▸ **Your task**
Extract the complete listing and output it unchanged.

# # # # #

lemma fbl_norm_dominated:
  fixes p q r :: "('a::distrib_lattice \<Rightarrow> real) \<Rightarrow> real"
  assumes p: "bdd_above (fbl_norm_set p)" and q: "bdd_above (fbl_norm_set q)"
    and "\<alpha> \<ge> 0" "\<beta> \<ge> 0"
    and dom: "\<And>xs. xs \<in> Lstar \<Longrightarrow> \<bar>r xs\<bar> \<le> \<alpha> * \<bar>p xs\<bar> + \<beta> * \<bar>q xs\<bar>"
  shows "bdd_above (fbl_norm_set r)" "fbl_norm r \<le> \<alpha> * fbl_norm p + \<beta> * fbl_norm q"
proof -
  have "z \<le> \<alpha> * fbl_norm p + \<beta> * fbl_norm q" if zin: "z \<in> fbl_norm_set r" for z
  proof -
    obtain m :: nat and X :: "nat \<Rightarrow> 'a \<Rightarrow> real" where z: "z = (\<Sum>i<m. \<bar>r (X i)\<bar>)"
      and X: "\<And>i. i < m \<Longrightarrow> X i \<in> Lstar" and norm1: "\<And>x. (\<Sum>i<m. \<bar>X i x\<bar>) \<le> 1"
      using zin by (blast elim: fbl_norm_setE)
    have "z \<le> (\<Sum>i<m. \<alpha> * \<bar>p (X i)\<bar> + \<beta> * \<bar>q (X i)\<bar>)"
      unfolding z using X dom by (intro sum_mono) auto
    also have "\<dots> = \<alpha> * (\<Sum>i<m. \<bar>p (X i)\<bar>) + \<beta> * (\<Sum>i<m. \<bar>q (X i)\<bar>)"
      by (simp add: sum.distrib sum_distrib_left)
    also have "\<dots> \<le> \<alpha> * fbl_norm p + \<beta> * fbl_norm q"
      using fbl_norm_set_le_fbl_norm[OF p X norm1] fbl_norm_set_le_fbl_norm[OF q X norm1] assms(3,4)
      by (intro add_mono mult_left_mono) auto
    finally show ?thesis .
  qed
  then show "bdd_above (fbl_norm_set r)" "fbl_norm r \<le> \<alpha> * fbl_norm p + \<beta> * fbl_norm q"
    by (fact fbl_norm_le_bound)+
qed

lemma summable_weighted_evaluations:
  assumes "x \<in> Lstar" "\<And>n. 0 \<le> e n" "summable e"
  shows "summable (\<lambda>n. e n * (\<bar>x (a n)\<bar> + \<bar>x (b n)\<bar>))"
proof (rule summable_comparison_test[OF _ summable_mult[OF assms(3), of 2]])
  show "\<exists>N. \<forall>n\<ge>N. norm (e n * (\<bar>x (a n)\<bar> + \<bar>x (b n)\<bar>)) \<le> 2 * e n"
  proof (intro exI allI impI)
    fix n
    have "\<bar>x (a n)\<bar> + \<bar>x (b n)\<bar> \<le> 2"
      using Lstar_abs_le[OF assms(1), of "a n"] Lstar_abs_le[OF assms(1), of "b n"] by linarith
    have "norm (e n * (\<bar>x (a n)\<bar> + \<bar>x (b n)\<bar>)) = e n * (\<bar>x (a n)\<bar> + \<bar>x (b n)\<bar>)"
      using assms(2)[of n] by simp
    also have "\<dots> \<le> e n * 2"
      using \<open>\<bar>x (a n)\<bar> + \<bar>x (b n)\<bar> \<le> 2\<close> assms(2) by (rule mult_left_mono)
    finally show "norm (e n * (\<bar>x (a n)\<bar> + \<bar>x (b n)\<bar>)) \<le> 2 * e n"
      by linarith
  qed
qed

text \<open>The functions \<open>x \<mapsto> \<bar>x a\<bar>\<close> have norm at most 1, so the norm is countably subadditive
  along such a series.\<close>
lemma fbl_norm_dominated_series:
  fixes r :: "('a::distrib_lattice \<Rightarrow> real) \<Rightarrow> real"
  assumes e: "\<And>n. 0 \<le> e n" "summable e"
    and dom: "\<And>x. x \<in> Lstar \<Longrightarrow> \<bar>r x\<bar> \<le> (\<Sum>n. e n * (\<bar>x (a n)\<bar> + \<bar>x (b n)\<bar>))"
  shows "bdd_above (fbl_norm_set r)" "fbl_norm r \<le> 2 * suminf e"
proof -
  have "z \<le> 2 * suminf e" if zin: "z \<in> fbl_norm_set r" for z
  proof -
    obtain m :: nat and X :: "nat \<Rightarrow> 'a \<Rightarrow> real" where z: "z = (\<Sum>i<m. \<bar>r (X i)\<bar>)"
      and X: "\<And>i. i < m \<Longrightarrow> X i \<in> Lstar" and norm1: "\<And>x. (\<Sum>i<m. \<bar>X i x\<bar>) \<le> 1"
      using zin by (blast elim: fbl_norm_setE)
    have summ: "summable (\<lambda>n. e n * (\<bar>X i (a n)\<bar> + \<bar>X i (b n)\<bar>))" if "i < m" for i
      using summable_weighted_evaluations[OF X[OF that] e] .
    have "z \<le> (\<Sum>i<m. \<Sum>n. e n * (\<bar>X i (a n)\<bar> + \<bar>X i (b n)\<bar>))"
      unfolding z using X dom by (intro sum_mono) auto
    also have "\<dots> = (\<Sum>n. \<Sum>i<m. e n * (\<bar>X i (a n)\<bar> + \<bar>X i (b n)\<bar>))"
      using summ by (subst suminf_sum) auto
    also have "\<dots> \<le> (\<Sum>n. 2 * e n)"
    proof (rule suminf_le)
      fix n
      have "(\<Sum>i<m. e n * (\<bar>X i (a n)\<bar> + \<bar>X i (b n)\<bar>))
          = e n * ((\<Sum>i<m. \<bar>X i (a n)\<bar>) + (\<Sum>i<m. \<bar>X i (b n)\<bar>))"
        by (simp add: sum_distrib_left distrib_left sum.distrib)
      also have "\<dots> \<le> e n * 2"
        using norm1[of "a n"] norm1[of "b n"] e(1) by (intro mult_left_mono) auto
      finally show "(\<Sum>i<m. e n * (\<bar>X i (a n)\<bar> + \<bar>X i (b n)\<bar>)) \<le> 2 * e n" by simp
    next
      show "summable (\<lambda>n. \<Sum>i<m. e n * (\<bar>X i (a n)\<bar> + \<bar>X i (b n)\<bar>))"
        using summ by (intro summable_sum) simp
      show "summable (\<lambda>n. 2 * e n)"
        using e(2) by (rule summable_mult)
    qed
    also have "\<dots> = 2 * suminf e"
      using e(2) by (rule suminf_mult)
    finally show ?thesis .
  qed
  then show "bdd_above (fbl_norm_set r)" "fbl_norm r \<le> 2 * suminf e"
    by (fact fbl_norm_le_bound)+
qed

# # # # #

▸ **Exercise output**
lemma fbl_norm_dominated:
  fixes p q r :: "('a::distrib_lattice \<Rightarrow> real) \<Rightarrow> real"
  assumes p: "bdd_above (fbl_norm_set p)" and q: "bdd_above (fbl_norm_set q)"
    and "\<alpha> \<ge> 0" "\<beta> \<ge> 0"
    and dom: "\<And>xs. xs \<in> Lstar \<Longrightarrow> \<bar>r xs\<bar> \<le> \<alpha> * \<bar>p xs\<bar> + \<beta> * \<bar>q xs\<bar>"
  shows "bdd_above (fbl_norm_set r)" "fbl_norm r \<le> \<alpha> * fbl_norm p + \<beta> * fbl_norm q"
proof -
  have "z \<le> \<alpha> * fbl_norm p + \<beta> * fbl_norm q" if zin: "z \<in> fbl_norm_set r" for z
  proof -
    obtain m :: nat and X :: "nat \<Rightarrow> 'a \<Rightarrow> real" where z: "z = (\<Sum>i<m. \<bar>r (X i)\<bar>)"
      and X: "\<And>i. i < m \<Longrightarrow> X i \<in> Lstar" and norm1: "\<And>x. (\<Sum>i<m. \<bar>X i x\<bar>) \<le> 1"
      using zin by (blast elim: fbl_norm_setE)
    have "z \<le> (\<Sum>i<m. \<alpha> * \<bar>p (X i)\<bar> + \<beta> * \<bar>q (X i)\<bar>)"
      unfolding z using X dom by (intro sum_mono) auto
    also have "\<dots> = \<alpha> * (\<Sum>i<m. \<bar>p (X i)\<bar>) + \<beta> * (\<Sum>i<m. \<bar>q (X i)\<bar>)"
      by (simp add: sum.distrib sum_distrib_left)
    also have "\<dots> \<le> \<alpha> * fbl_norm p + \<beta> * fbl_norm q"
      using fbl_norm_set_le_fbl_norm[OF p X norm1] fbl_norm_set_le_fbl_norm[OF q X norm1] assms(3,4)
      by (intro add_mono mult_left_mono) auto
    finally show ?thesis .
  qed
  then show "bdd_above (fbl_norm_set r)" "fbl_norm r \<le> \<alpha> * fbl_norm p + \<beta> * fbl_norm q"
    by (fact fbl_norm_le_bound)+
qed

lemma summable_weighted_evaluations:
  assumes "x \<in> Lstar" "\<And>n. 0 \<le> e n" "summable e"
  shows "summable (\<lambda>n. e n * (\<bar>x (a n)\<bar> + \<bar>x (b n)\<bar>))"
proof (rule summable_comparison_test[OF _ summable_mult[OF assms(3), of 2]])
  show "\<exists>N. \<forall>n\<ge>N. norm (e n * (\<bar>x (a n)\<bar> + \<bar>x (b n)\<bar>)) \<le> 2 * e n"
  proof (intro exI allI impI)
    fix n
    have "\<bar>x (a n)\<bar> + \<bar>x (b n)\<bar> \<le> 2"
      using Lstar_abs_le[OF assms(1), of "a n"] Lstar_abs_le[OF assms(1), of "b n"] by linarith
    have "norm (e n * (\<bar>x (a n)\<bar> + \<bar>x (b n)\<bar>)) = e n * (\<bar>x (a n)\<bar> + \<bar>x (b n)\<bar>)"
      using assms(2)[of n] by simp
    also have "\<dots> \<le> e n * 2"
      using \<open>\<bar>x (a n)\<bar> + \<bar>x (b n)\<bar> \<le> 2\<close> assms(2) by (rule mult_left_mono)
    finally show "norm (e n * (\<bar>x (a n)\<bar> + \<bar>x (b n)\<bar>)) \<le> 2 * e n"
      by linarith
  qed
qed

text \<open>The functions \<open>x \<mapsto> \<bar>x a\<bar>\<close> have norm at most 1, so the norm is countably subadditive
  along such a series.\<close>
lemma fbl_norm_dominated_series:
  fixes r :: "('a::distrib_lattice \<Rightarrow> real) \<Rightarrow> real"
  assumes e: "\<And>n. 0 \<le> e n" "summable e"
    and dom: "\<And>x. x \<in> Lstar \<Longrightarrow> \<bar>r x\<bar> \<le> (\<Sum>n. e n * (\<bar>x (a n)\<bar> + \<bar>x (b n)\<bar>))"
  shows "bdd_above (fbl_norm_set r)" "fbl_norm r \<le> 2 * suminf e"
proof -
  have "z \<le> 2 * suminf e" if zin: "z \<in> fbl_norm_set r" for z
  proof -
    obtain m :: nat and X :: "nat \<Rightarrow> 'a \<Rightarrow> real" where z: "z = (\<Sum>i<m. \<bar>r (X i)\<bar>)"
      and X: "\<And>i. i < m \<Longrightarrow> X i \<in> Lstar" and norm1: "\<And>x. (\<Sum>i<m. \<bar>X i x\<bar>) \<le> 1"
      using zin by (blast elim: fbl_norm_setE)
    have summ: "summable (\<lambda>n. e n * (\<bar>X i (a n)\<bar> + \<bar>X i (b n)\<bar>))" if "i < m" for i
      using summable_weighted_evaluations[OF X[OF that] e] .
    have "z \<le> (\<Sum>i<m. \<Sum>n. e n * (\<bar>X i (a n)\<bar> + \<bar>X i (b n)\<bar>))"
      unfolding z using X dom by (intro sum_mono) auto
    also have "\<dots> = (\<Sum>n. \<Sum>i<m. e n * (\<bar>X i (a n)\<bar> + \<bar>X i (b n)\<bar>))"
      using summ by (subst suminf_sum) auto
    also have "\<dots> \<le> (\<Sum>n. 2 * e n)"
    proof (rule suminf_le)
      fix n
      have "(\<Sum>i<m. e n * (\<bar>X i (a n)\<bar> + \<bar>X i (b n)\<bar>))
          = e n * ((\<Sum>i<m. \<bar>X i (a n)\<bar>) + (\<Sum>i<m. \<bar>X i (b n)\<bar>))"
        by (simp add: sum_distrib_left distrib_left sum.distrib)
      also have "\<dots> \<le> e n * 2"
        using norm1[of "a n"] norm1[of "b n"] e(1) by (intro mult_left_mono) auto
      finally show "(\<Sum>i<m. e n * (\<bar>X i (a n)\<bar> + \<bar>X i (b n)\<bar>)) \<le> 2 * e n" by simp
    next
      show "summable (\<lambda>n. \<Sum>i<m. e n * (\<bar>X i (a n)\<bar> + \<bar>X i (b n)\<bar>))"
        using summ by (intro summable_sum) simp
      show "summable (\<lambda>n. 2 * e n)"
        using e(2) by (rule summable_mult)
    qed
    also have "\<dots> = 2 * suminf e"
      using e(2) by (rule suminf_mult)
    finally show ?thesis .
  qed
  then show "bdd_above (fbl_norm_set r)" "fbl_norm r \<le> 2 * suminf e"
    by (fact fbl_norm_le_bound)+
qed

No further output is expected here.